Die Folgen des Kriegs in der Ukraine für die Sorghum-Anbauflächen 2022 in Europa

 

Der Krieg in der Ukraine hat in nur wenigen Wochen die Weltwirtschaft in zahlreichen Sektoren durcheinandergebracht. Wie kann dieser Krieg Einfluss auf die Anbauflächen für Getreide für 2022 haben, und insbesondere für Sorghum?

Es ist aktuell schwierig, den Ausgang des Krieges in der Ukraine sowie dessen Auswirkung auf die Entwicklung der Getreideanbauflächen vorherzusagen, den Trend der Getreideproduktion ist aufgrund der Stellung der Ukraine durchaus vorhersagbar.

Logistische Schwierigkeiten in ukrainischem Gebiet …

Der Consulting-Agentur UkrAgroConsult nach werden die Anbauflächen für Sommergetreide aufgrund der gestörten Aussaat im Frühjahr um 29 % zurückgehen (gegenüber 39 % entsprechend der Aussagen der ukrainischen Behörden). Dieser Rückgang ist vor allem auf die aufgrund der gestörten Logistik fehlenden Hilfsmittel zurückzuführen. Hinzu kommt der Mangel an Treibstoff, der nur für Militäroperationen zur Verfügung steht und schwer zu transportieren ist.

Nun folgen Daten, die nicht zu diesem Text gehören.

(* Let $c\ge1$, let $G$ be a multigraph with vertex set $V(G)=S\cup\mathcal{T}$ where $S\cap\mathcal{T}=\emptyset$ and $\mathcal{T}$ is the terminal set, and let $X\subseteq S$ be connectivity-$c$ linked in $G$. Then $G/X$ is a connectivity-$c$ mimicking network for $(G,\mathcal{T})$.
   Context: For disjoint vertex sets $A,B$, $E_G(A,B)$ is the set of edges with one endpoint in $A$ and the other in $B$; for $Y\subseteq V(G)$, $\partial(Y)=E_G(Y,V(G)\setminus Y)$. $\mathrm{mincut}_G(A,B)$ is the minimum number of edges whose removal leaves no path between $A$ and $B$ ($0$ if either set is empty), and $\mathrm{mincut}^c_G(A,B)=\min\{\mathrm{mincut}_G(A,B),c\}$. A multigraph $H$ is a connectivity-$c$ mimicking network for $(G,\mathcal{T})$ if $V(H)$ contains a copy of each terminal and $\mathrm{mincut}^c_H(A,B)=\mathrm{mincut}^c_G(A,B)$ for all disjoint $A,B\subseteq\mathcal{T}$. A set $X\subseteq S$ is connectivity-$c$ linked in $G$ if for every pair of disjoint sets $A,B$ with $A\cup B=X$ we have $|E_G(A,B)|\ge \min\big(|\partial(A)\cap\partial(X)|,\ |\partial(B)\cap\partial(X)|,\ c\big)$. $G/X$ denotes the multigraph obtained from $G$ by contracting all edges of $G[X]$ (identifying $X$ into a single vertex, deleting self-loops and keeping parallel edges). *)

theory Defs
  imports Main
begin

text \<open>A finite multigraph: vertex set, a set of edge identifiers, and for each edge
  its set of endpoints (exactly two distinct vertices; parallel edges are distinct
  identifiers with the same endpoints).\<close>
record ('v, 'e) mgraph =
  verts :: "'v set"
  edges :: "'e set"
  ends  :: "'e \<Rightarrow> 'v set"

definition multigraph :: "('v, 'e) mgraph \<Rightarrow> bool" where
  "multigraph G \<longleftrightarrow> finite (verts G) \<and> finite (edges G) \<and>
     (\<forall>e \<in> edges G. ends G e \<subseteq> verts G \<and> card (ends G e) = 2)"

definition edges_between :: "('v, 'e) mgraph \<Rightarrow> 'v set \<Rightarrow> 'v set \<Rightarrow> 'e set" where
  "edges_between G A B = {e \<in> edges G. \<exists>a \<in> A. \<exists>b \<in> B. ends G e = {a, b}}"

definition boundary :: "('v, 'e) mgraph \<Rightarrow> 'v set \<Rightarrow> 'e set" where
  "boundary G Y = edges_between G Y (verts G - Y)"

definition adj :: "('v, 'e) mgraph \<Rightarrow> 'e set \<Rightarrow> ('v \<times> 'v) set" where
  "adj G F = {(x, y). \<exists>e \<in> F. ends G e = {x, y}}"

definition separates :: "('v, 'e) mgraph \<Rightarrow> 'e set \<Rightarrow> 'v set \<Rightarrow> 'v set \<Rightarrow> bool" where
  "separates G F A B \<longleftrightarrow> \<not> (\<exists>a \<in> A. \<exists>b \<in> B. (a, b) \<in> (adj G (edges G - F))\<^sup>*)"

definition mincut :: "('v, 'e) mgraph \<Rightarrow> 'v set \<Rightarrow> 'v set \<Rightarrow> nat" where
  "mincut G A B = (if A = {} \<or> B = {} then 0
     else (LEAST k. \<exists>F \<subseteq> edges G. card F = k \<and> separates G F A B))"

definition mincut_c :: "nat \<Rightarrow> ('v, 'e) mgraph \<Rightarrow> 'v set \<Rightarrow> 'v set \<Rightarrow> nat" where
  "mincut_c c G A B = min (mincut G A B) c"

definition mimicking_network ::
  "nat \<Rightarrow> ('v, 'e) mgraph \<Rightarrow> 'v set \<Rightarrow> ('w, 'f) mgraph \<Rightarrow> ('v \<Rightarrow> 'w) \<Rightarrow> bool" where
  "mimicking_network c G T H copy \<longleftrightarrow>
     inj_on copy T \<and> copy ` T \<subseteq> verts H \<and>
     (\<forall>A B. A \<subseteq> T \<longrightarrow> B \<subseteq> T \<longrightarrow> A \<inter> B = {} \<longrightarrow>
        mincut_c c H (copy ` A) (copy ` B) = mincut_c c G A B)"

definition linked :: "nat \<Rightarrow> ('v, 'e) mgraph \<Rightarrow> 'v set \<Rightarrow> bool" where
  "linked c G X \<longleftrightarrow> (\<forall>A B. A \<inter> B = {} \<longrightarrow> A \<union> B = X \<longrightarrow>
     card (edges_between G A B) \<ge>
       min (card (boundary G A \<inter> boundary G X)) (min (card (boundary G B \<inter> boundary G X)) c))"

text \<open>Contraction G/X: vertices are the blocks {v} (v not in X) and X itself;
  edges of G[X] are deleted (self-loops), all other edges kept (parallel edges kept).\<close>
definition blk :: "'v set \<Rightarrow> 'v \<Rightarrow> 'v set" where
  "blk X v = (if v \<in> X then X else {v})"

definition contract :: "('v, 'e) mgraph \<Rightarrow> 'v set \<Rightarrow> ('v set, 'e) mgraph" where
  "contract G X = \<lparr> verts = blk X ` verts G,
                    edges = {e \<in> edges G. \<not> ends G e \<subseteq> X},
                    ends = (\<lambda>e. blk X ` ends G e) \<rparr>"

end

theory Submission
  imports Defs
begin

text \<open>Contracting X can only make separation harder, since paths of G map to paths of G/X.
  Conversely, a minimum A-B cut of G of size below c is the boundary of some set Y
  containing A and avoiding B. Linkedness of X, applied to the split of X into X \<inter> Y and X - Y,
  shows that one of Y - X and Y \<union> X has no larger boundary; neither splits X, so its boundary
  survives unchanged in G/X and separates the terminals there.\<close>

lemma edges_between_sym: "edges_between G A B = edges_between G B A"
  unfolding edges_between_def by (auto simp: insert_commute)

lemma boundary_compl:
  assumes "Y \<subseteq> verts G"
  shows "boundary G (verts G - Y) = boundary G Y"
  using assms unfolding boundary_def by (simp add: Diff_Diff_Int Int_absorb1 edges_between_sym)

lemma edges_between_split_subset_boundary:
  "X \<subseteq> verts G \<Longrightarrow> edges_between G (X \<inter> Y) (X - Y) \<subseteq> boundary G Y"
  unfolding boundary_def edges_between_def by blast

lemma finite_boundary: "finite (edges G) \<Longrightarrow> finite (boundary G Y)"
  unfolding boundary_def edges_between_def by auto

lemma separates_edges: "A \<inter> B = {} \<Longrightarrow> separates G (edges G) A B"
  unfolding separates_def adj_def by auto

lemma mincut_le_card: "F \<subseteq> edges G \<Longrightarrow> separates G F A B \<Longrightarrow> mincut G A B \<le> card F"
  unfolding mincut_def by (auto intro: Least_le)

lemma mincut_obtain:
  assumes "A \<noteq> {}" "B \<noteq> {}" "A \<inter> B = {}"
  obtains F where "F \<subseteq> edges G" "card F = mincut G A B" "separates G F A B"
proof -
  have "\<exists>F \<subseteq> edges G. card F = card (edges G) \<and> separates G F A B"
    using separates_edges[OF assms(3)] by blast
  then have "\<exists>F \<subseteq> edges G. card F = (LEAST k. \<exists>F \<subseteq> edges G. card F = k \<and> separates G F A B)
      \<and> separates G F A B"
    by (rule LeastI)
  with assms that show ?thesis unfolding mincut_def by auto
qed

lemma separates_obtain_boundary:
  assumes "separates G F A B" "A \<subseteq> verts G"
  obtains Y where "Y \<subseteq> verts G" "A \<subseteq> Y" "Y \<inter> B = {}" "boundary G Y \<subseteq> F"
proof -
  let ?R = "(adj G (edges G - F))\<^sup>*"
  define Y where "Y = {v \<in> verts G. \<exists>a \<in> A. (a, v) \<in> ?R}"
  have "boundary G Y \<subseteq> F"
  proof
    fix e assume "e \<in> boundary G Y"
    then obtain p q where pq: "e \<in> edges G" "p \<in> Y" "q \<in> verts G" "q \<notin> Y" "ends G e = {p, q}"
      unfolding boundary_def edges_between_def by blast
    then obtain a where a: "a \<in> A" "(a, p) \<in> ?R" unfolding Y_def by blast
    show "e \<in> F"
    proof (rule ccontr)
      assume "e \<notin> F"
      with pq have "(p, q) \<in> adj G (edges G - F)" unfolding adj_def by blast
      with a(2) have "(a, q) \<in> ?R" by (rule rtrancl_into_rtrancl)
      with a(1) pq(3) have "q \<in> Y" unfolding Y_def by blast
      with pq(4) show False ..
    qed
  qed
  moreover have "A \<subseteq> Y" using assms(2) unfolding Y_def by blast
  moreover have "Y \<inter> B = {}" using assms(1) unfolding Y_def separates_def by blast
  moreover have "Y \<subseteq> verts G" unfolding Y_def by blast
  ultimately show ?thesis using that by blast
qed

lemma separates_boundary:
  assumes "\<forall>e \<in> edges G. ends G e \<subseteq> verts G" "A \<subseteq> Y" "Y \<inter> B = {}"
  shows "separates G (boundary G Y) A B"
proof -
  have "v \<in> Y" if "(u, v) \<in> (adj G (edges G - boundary G Y))\<^sup>*" "u \<in> Y" for u v
    using that
  proof (induction rule: rtrancl_induct)
    case (step y z)
    then obtain e where "e \<in> edges G - boundary G Y" "ends G e = {y, z}"
      unfolding adj_def by auto
    with step assms(1) show "z \<in> Y" unfolding boundary_def edges_between_def by blast
  qed simp
  with assms(2,3) show ?thesis unfolding separates_def by blast
qed

lemma mincut_le_boundary:
  assumes "\<forall>e \<in> edges G. ends G e \<subseteq> verts G" "A \<subseteq> Y" "Y \<inter> B = {}"
  shows "mincut G A B \<le> card (boundary G Y)"
proof -
  have "boundary G Y \<subseteq> edges G" unfolding boundary_def edges_between_def by blast
  then show ?thesis by (rule mincut_le_card[OF _ separates_boundary[OF assms]])
qed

… jedoch ein stabiler Trend für Sorghum in Europa

„Allgemein betrachtet dürften die Anbauflächen für Sorghum sich nicht wirklich ändern. Der Trend bleibt für Europa stabil. Zu den Schwierigkeiten in der Ukraine kommen die sehr trockenen Wetterbedingungen hinzu: Sorghum bleibt weiterhin sehr attraktiv“, betont Pierre Guillaumin, zuständig für den Bereich „Wirtschaft und Internationales“ beim Verband FNPSMS[1].

 

 

Die Erträge könnten jedoch in der Ukraine leicht zurückgehen, erklärt Martin Gomez, Beauftragter für die internationale Werbung beim FNPSMS: „Angesichts der zurückgehenden ukrainischen Saatgut-Exporte könnte sich das Land auf die lokale Sorghumsaatgut-Produktion besinnen. Dies könnte zu einem Rückgang der Erträge auf den ukrainischen Feldern führen.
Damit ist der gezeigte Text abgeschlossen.